Eventually we passed one of the stops we had traversed on the previous day’s train ride from Guangzhou. Here we stopped to scrutinize a map. While we were scrutinizing, two beautiful Chinese women came up and started speaking English to us. While becoming a more common occurrence day by day, this is still a rare treat (at least in the parts of China AsiaWheeling prefers to frequent). The women helped us to find a couple of bus lines that would help us to get back to the city, but by the time we had decided on a line, the traffic around us had ground to a halt. With the choice between sitting on a bus in gridlock traffic and wheeling staring us in the face, we made the obvious choice.

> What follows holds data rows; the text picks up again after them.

(* Let $(A,* )$ be an involutive associative algebra, $(M,* )$ an involutive $A$-bimodule, and $T:M\to A$ a relative Rota-Baxter operator on $A$ with respect to $M$. If $iH^2_T(M,A)=0$, then every finite order deformation of $T$ extends to a deformation of next order.
   Context: An involutive associative algebra is an associative algebra $A$ with a linear map $*:A\to A$ satisfying $a^{**}=a$ and $(ab)^*=b^*a^*$; an involutive $A$-bimodule is an $A$-bimodule $M$ with $*:M\to M$, $u^{**}=u$, $(au)^*=u^*a^*$, $(ua)^*=a^*u^*$. A relative Rota-Baxter operator is a linear $T:M\to A$ with $T(u^* )=T(u)^*$ and $T(u)T(v)=T(uT(v)+T(u)v)$. Notation: $u\circledast v=uT(v)+T(u)v$, $l_T(u,a)=T(u)a-T(ua)$, $r_T(a,u)=aT(u)-T(au)$. Let $i\mathrm{Hom}(M^{\otimes0},A)=\{a\in A\mid a^*=-a\}$ and for $n\ge1$ $i\mathrm{Hom}(M^{\otimes n},A)=\{f\mid f(u_1,\ldots,u_n)^*=(-1)^{\frac{(n-1)(n-2)}{2}}f(u_n^*,\ldots,u_1^* )\}$. Differential: $d_T(a)(u)=l_T(u,a)-r_T(a,u)$, and for $n\ge1$, $(d_Tf)(u_1,\ldots,u_{n+1})=(-1)^n\big[l_T(u_1,f(u_2,\ldots,u_{n+1}))+\sum_{i=1}^n(-1)^if(u_1,\ldots,u_i\circledast u_{i+1},\ldots,u_{n+1})+(-1)^{n+1}r_T(f(u_1,\ldots,u_n),u_{n+1})\big]$; $iH^\bullet_T(M,A)$ is the cohomology of $(i\mathrm{Hom}(M^{\otimes\bullet},A),d_T)$. An order $N$ deformation of $T$ is $T_t=\sum_{i=0}^Nt^iT_i$ with $T_0=T$ such that $T_k(u^* )=T_k(u)^*$ and $\sum_{i+j=k}T_i(u)T_j(v)=\sum_{i+j=k}T_i(uT_j(v)+T_j(u)v)$ for $k=0,\ldots,N$. It extends to next order if there is $T_{N+1}\in i\mathrm{Hom}(M,A)$ making $T_t+t^{N+1}T_{N+1}$ an order $N+1$ deformation. *)

theory Defs
  imports Main "HOL.Vector_Spaces"
begin

text \<open>The algebra A is a type 'a of class ring (associative, not
necessarily unital) with a k-vector space structure scaleA; the bimodule M is a
type 'm with k-vector space structure scaleM, left action lact and right action ract.\<close>

definition sgnp :: "int \<Rightarrow> 'a::ab_group_add \<Rightarrow> 'a" where
  "sgnp e x = (if even e then x else - x)"

definition involutive_algebra ::
  "('k::field \<Rightarrow> 'a::ring \<Rightarrow> 'a) \<Rightarrow> ('a \<Rightarrow> 'a) \<Rightarrow> bool" where
  "involutive_algebra scaleA starA \<longleftrightarrow>
     vector_space scaleA \<and>
     (\<forall>c a b. scaleA c (a * b) = scaleA c a * b \<and> scaleA c (a * b) = a * scaleA c b) \<and>
     Vector_Spaces.linear scaleA scaleA starA \<and>
     (\<forall>a. starA (starA a) = a) \<and>
     (\<forall>a b. starA (a * b) = starA b * starA a)"

definition involutive_bimodule ::
  "('k::field \<Rightarrow> 'a::ring \<Rightarrow> 'a) \<Rightarrow> ('a \<Rightarrow> 'a) \<Rightarrow>
   ('k \<Rightarrow> 'm::ab_group_add \<Rightarrow> 'm) \<Rightarrow> ('a \<Rightarrow> 'm \<Rightarrow> 'm) \<Rightarrow> ('m \<Rightarrow> 'a \<Rightarrow> 'm) \<Rightarrow> ('m \<Rightarrow> 'm) \<Rightarrow> bool" where
  "involutive_bimodule scaleA starA scaleM lact ract starM \<longleftrightarrow>
     vector_space scaleM \<and>
     \<comment> \<open>bilinearity of the actions\<close>
     (\<forall>c a b u. lact (scaleA c a + b) u = scaleM c (lact a u) + lact b u) \<and>
     (\<forall>c a u v. lact a (scaleM c u + v) = scaleM c (lact a u) + lact a v) \<and>
     (\<forall>c a b u. ract u (scaleA c a + b) = scaleM c (ract u a) + ract u b) \<and>
     (\<forall>c a u v. ract (scaleM c u + v) a = scaleM c (ract u a) + ract v a) \<and>
     \<comment> \<open>bimodule axioms\<close>
     (\<forall>a b u. lact (a * b) u = lact a (lact b u)) \<and>
     (\<forall>a b u. ract u (a * b) = ract (ract u a) b) \<and>
     (\<forall>a b u. ract (lact a u) b = lact a (ract u b)) \<and>
     \<comment> \<open>involution\<close>
     Vector_Spaces.linear scaleM scaleM starM \<and>
     (\<forall>u. starM (starM u) = u) \<and>
     (\<forall>a u. starM (lact a u) = ract (starM u) (starA a)) \<and>
     (\<forall>a u. starM (ract u a) = lact (starA a) (starM u))"

definition rel_RB ::
  "('k::field \<Rightarrow> 'a::ring \<Rightarrow> 'a) \<Rightarrow> ('a \<Rightarrow> 'a) \<Rightarrow>
   ('k \<Rightarrow> 'm::ab_group_add \<Rightarrow> 'm) \<Rightarrow> ('a \<Rightarrow> 'm \<Rightarrow> 'm) \<Rightarrow> ('m \<Rightarrow> 'a \<Rightarrow> 'm) \<Rightarrow> ('m \<Rightarrow> 'm) \<Rightarrow>
   ('m \<Rightarrow> 'a) \<Rightarrow> bool" where
  "rel_RB scaleA starA scaleM lact ract starM T \<longleftrightarrow>
     Vector_Spaces.linear scaleM scaleA T \<and>
     (\<forall>u. T (starM u) = starA (T u)) \<and>
     (\<forall>u v. T u * T v = T (ract u (T v) + lact (T u) v))"

definition circT :: "('a \<Rightarrow> 'm \<Rightarrow> 'm::ab_group_add) \<Rightarrow> ('m \<Rightarrow> 'a \<Rightarrow> 'm) \<Rightarrow> ('m \<Rightarrow> 'a) \<Rightarrow> 'm \<Rightarrow> 'm \<Rightarrow> 'm" where
  "circT lact ract T u v = ract u (T v) + lact (T u) v"

definition lT :: "('a \<Rightarrow> 'm \<Rightarrow> 'm) \<Rightarrow> ('m \<Rightarrow> 'a \<Rightarrow> 'm) \<Rightarrow> ('m \<Rightarrow> 'a::ring) \<Rightarrow> 'm \<Rightarrow> 'a \<Rightarrow> 'a" where
  "lT lact ract T u a = T u * a - T (ract u a)"

definition rT :: "('a \<Rightarrow> 'm \<Rightarrow> 'm) \<Rightarrow> ('m \<Rightarrow> 'a \<Rightarrow> 'm) \<Rightarrow> ('m \<Rightarrow> 'a::ring) \<Rightarrow> 'a \<Rightarrow> 'm \<Rightarrow> 'a" where
  "rT lact ract T a u = a * T u - T (lact a u)"

text \<open>n-cochains: maps on lists of length n (value 0 on lists of other lengths),
k-linear in each argument (i.e. linear maps on M^{\<otimes>n}), with the involution
condition. For n = 0 this is the set of a = f [] with a* = -a (sign exponent 1).\<close>
definition iHom ::
  "('k::field \<Rightarrow> 'a::ring \<Rightarrow> 'a) \<Rightarrow> ('a \<Rightarrow> 'a) \<Rightarrow> ('k \<Rightarrow> 'm::ab_group_add \<Rightarrow> 'm) \<Rightarrow> ('m \<Rightarrow> 'm) \<Rightarrow>
   nat \<Rightarrow> ('m list \<Rightarrow> 'a) set" where
  "iHom scaleA starA scaleM starM n =
     {f. (\<forall>xs. length xs \<noteq> n \<longrightarrow> f xs = 0) \<and>
         (\<forall>xs ys c u v. length xs + length ys + 1 = n \<longrightarrow>
             f (xs @ [scaleM c u + v] @ ys) = scaleA c (f (xs @ [u] @ ys)) + f (xs @ [v] @ ys)) \<and>
         (\<forall>xs. length xs = n \<longrightarrow>
             starA (f xs) = sgnp (((int n - 1) * (int n - 2)) div 2) (f (rev (map starM xs))))}"

definition dT ::
  "('a \<Rightarrow> 'm \<Rightarrow> 'm::ab_group_add) \<Rightarrow> ('m \<Rightarrow> 'a \<Rightarrow> 'm) \<Rightarrow> ('m \<Rightarrow> 'a::ring) \<Rightarrow> nat \<Rightarrow>
   ('m list \<Rightarrow> 'a) \<Rightarrow> ('m list \<Rightarrow> 'a)" where
  "dT lact ract T n f xs =
     (if length xs \<noteq> n + 1 then 0
      else if n = 0 then lT lact ract T (xs ! 0) (f []) - rT lact ract T (f []) (xs ! 0)
      else sgnp (int n)
        (lT lact ract T (hd xs) (f (tl xs))
         + (\<Sum>i = 1..n. sgnp (int i)
              (f (take (i - 1) xs @ [circT lact ract T (xs ! (i - 1)) (xs ! i)] @ drop (i + 1) xs)))
         + sgnp (int n + 1) (rT lact ract T (f (take n xs)) (xs ! n))))"

definition iH_vanishes ::
  "('k::field \<Rightarrow> 'a::ring \<Rightarrow> 'a) \<Rightarrow> ('a \<Rightarrow> 'a) \<Rightarrow> ('k \<Rightarrow> 'm::ab_group_add \<Rightarrow> 'm) \<Rightarrow>
   ('a \<Rightarrow> 'm \<Rightarrow> 'm) \<Rightarrow> ('m \<Rightarrow> 'a \<Rightarrow> 'm) \<Rightarrow> ('m \<Rightarrow> 'm) \<Rightarrow> ('m \<Rightarrow> 'a) \<Rightarrow> nat \<Rightarrow> bool" where
  "iH_vanishes scaleA starA scaleM lact ract starM T n \<longleftrightarrow>
     (\<forall>f \<in> iHom scaleA starA scaleM starM n. (\<forall>xs. dT lact ract T n f xs = 0) \<longrightarrow>
        (if n = 0 then (\<forall>xs. f xs = 0)
         else (\<exists>g \<in> iHom scaleA starA scaleM starM (n - 1). dT lact ract T (n - 1) g = f)))"

text \<open>Order N deformation T_t = \<Sum>_{i\<le>N} t^i T_i, given by its coefficients Ts i (i \<le> N).\<close>
definition is_deformation ::
  "('k::field \<Rightarrow> 'a::ring \<Rightarrow> 'a) \<Rightarrow> ('a \<Rightarrow> 'a) \<Rightarrow> ('k \<Rightarrow> 'm::ab_group_add \<Rightarrow> 'm) \<Rightarrow>
   ('a \<Rightarrow> 'm \<Rightarrow> 'm) \<Rightarrow> ('m \<Rightarrow> 'a \<Rightarrow> 'm) \<Rightarrow> ('m \<Rightarrow> 'm) \<Rightarrow> ('m \<Rightarrow> 'a) \<Rightarrow>
   nat \<Rightarrow> (nat \<Rightarrow> 'm \<Rightarrow> 'a) \<Rightarrow> bool" where
  "is_deformation scaleA starA scaleM lact ract starM T N Ts \<longleftrightarrow>
     Ts 0 = T \<and>
     (\<forall>k \<le> N. Vector_Spaces.linear scaleM scaleA (Ts k) \<and> (\<forall>u. Ts k (starM u) = starA (Ts k u))) \<and>
     (\<forall>k \<le> N. \<forall>u v.
        (\<Sum>i \<le> k. Ts i u * Ts (k - i) v) =
        (\<Sum>i \<le> k. Ts i (ract u (Ts (k - i) v) + lact (Ts (k - i) u) v)))"

end

(*
  The coefficient of t^(N+1) in T_t(u) T_t(v) - T_t(u T_t(v) + T_t(u) v), computed with
  T_(N+1) = 0, is a 2-cochain compatible with the involutions: the obstruction. A quadratic
  identity among all these defects shows that the obstruction is a d_T-cocycle as soon as
  the defects of order at most N vanish. Since iH^2_T(M,A) = 0 it equals d_T g for a
  1-cochain g, and replacing T_(N+1) = 0 by g subtracts exactly d_T g from the defect of
  order N+1, so T_(N+1) := g extends the deformation.
*)
theory Submission
  imports Defs
begin

definition weak_compositions3 :: "nat \<Rightarrow> (nat \<times> nat \<times> nat) set" where
  "weak_compositions3 n = {(x, y, z). x + y + z = n}"

lemma sum_nested_eq_sum_weak_compositions3_left:
  "(\<Sum>a\<le>n. \<Sum>p\<le>n - a. F a p (n - a - p)) = (\<Sum>(x, y, z)\<in>weak_compositions3 n. F x y z)"
proof -
  have "(\<Sum>a\<le>n. \<Sum>p\<le>n - a. F a p (n - a - p))
      = (\<Sum>(a, p)\<in>Sigma {..n} (\<lambda>a. {..n - a}). F a p (n - a - p))"
    by (rule sum.Sigma) auto
  also have "\<dots> = (\<Sum>(x, y, z)\<in>weak_compositions3 n. F x y z)"
    by (rule sum.reindex_bij_witness[where i = "\<lambda>(x, y, z). (x, y)"
          and j = "\<lambda>(a, p). (a, p, n - a - p)"])
      (auto simp: weak_compositions3_def)
  finally show ?thesis .
qed

lemma sum_nested_eq_sum_weak_compositions3_right:
  "(\<Sum>a\<le>n. \<Sum>p\<le>a. F p (a - p) (n - a)) = (\<Sum>(x, y, z)\<in>weak_compositions3 n. F x y z)"
proof -
  have "(\<Sum>a\<le>n. \<Sum>p\<le>a. F p (a - p) (n - a))
      = (\<Sum>(a, p)\<in>Sigma {..n} (\<lambda>a. {..a}). F p (a - p) (n - a))"
    by (rule sum.Sigma) auto
  also have "\<dots> = (\<Sum>(x, y, z)\<in>weak_compositions3 n. F x y z)"
    by (rule sum.reindex_bij_witness[where i = "\<lambda>(x, y, z). (x + y, x)"
          and j = "\<lambda>(a, p). (p, a - p, n - a)"])
      (auto simp: weak_compositions3_def)
  finally show ?thesis .
qed

lemma sum_weak_compositions3_swap:
  "(\<Sum>(x, y, z)\<in>weak_compositions3 n. F x y z) = (\<Sum>(x, y, z)\<in>weak_compositions3 n. F x z y)"
  by (rule sum.reindex_bij_witness[where i = "\<lambda>(x, y, z). (x, z, y)"
        and j = "\<lambda>(x, y, z). (x, z, y)"])
    (auto simp: weak_compositions3_def)

definition binary_cochain :: "('m \<Rightarrow> 'm \<Rightarrow> 'a::zero) \<Rightarrow> 'm list \<Rightarrow> 'a" where
  "binary_cochain f xs = (if length xs = 2 then f (xs ! 0) (xs ! 1) else 0)"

We pulled now onto the sidewalk and began pedaling. We were changing neighborhoods now, and with the change, pedestrian traffic was thinning out. We were riding on a sparsely trafficked, but wide sidewalk, whipping by the stalled drivers to our left, and doing our best to dodge the many low-hanging branches that threatened to knock us off our bikes in the post-sunset gray light, when suddenly we realized that our blood sugar had fallen to a near record low. This also easily explained away the twisted and stressed nature of our recent conversation. We called a waypoint at the next gas station, and went inside it to find a very American convenience store, where some cartons of sweetened Chinese milk and a few Mars Incorporated products brought us back into reality.

When we exited the gas station, we found traffic moving again, so we hopped the next bus.  On board, we whiled away our time chatting with a hair dryer salesman on his way home from work. He told us excitedly about his upcoming trip to Las Vegas for a hair products trade show, and we did our best to share his enthusiasm.

When the bus reached the city center, we hopped off and started wheeling in search of food.

We ended up finding it not many blocks away when we happened upon a street of Chinese Muslim restaurants. We selected a particularly delicious looking Uyghur joint, and headed in. We sat down at a table and watched in hungry astonishment as the fellow across from us ordered a giant feast, and then proceeded to nibble maybe a quarter of it, leaving enough food on the table for both Scott and me to stuff ourselves silly. I was in favor of eating and asking for forgiveness, but we decided after some debate, to ask the staff whether we might just add his food to our own. This, it seems, was against the rules. I was still able to grab one piece of chicken before the servers cleared the feast. The chicken was amazing, and only made it all the harder to wait for our own food to arrive. But when it did, it was well worth the wait.

We had lamb and yogurt, and that delightful Uyghur bread, Neng. We were even able to order a couple of our favorite Xinjiang brews, something which we had been unable to find in China up until that point. It was a fine meal, and a fine day.

We now had only to return to the luxurious confines of our hotel, crank up the air conditioning and feast relentlessly on the speedy Internet. Ah, China.

Comments

  1. Jack | September 2nd, 2010 | 3:14 am

    Incredible. How long does it take to make a bike? I presume Dahon owns the manufacturing plant? Does Dahon own the Chinese branded bikes you speak of or are they likely a customer order?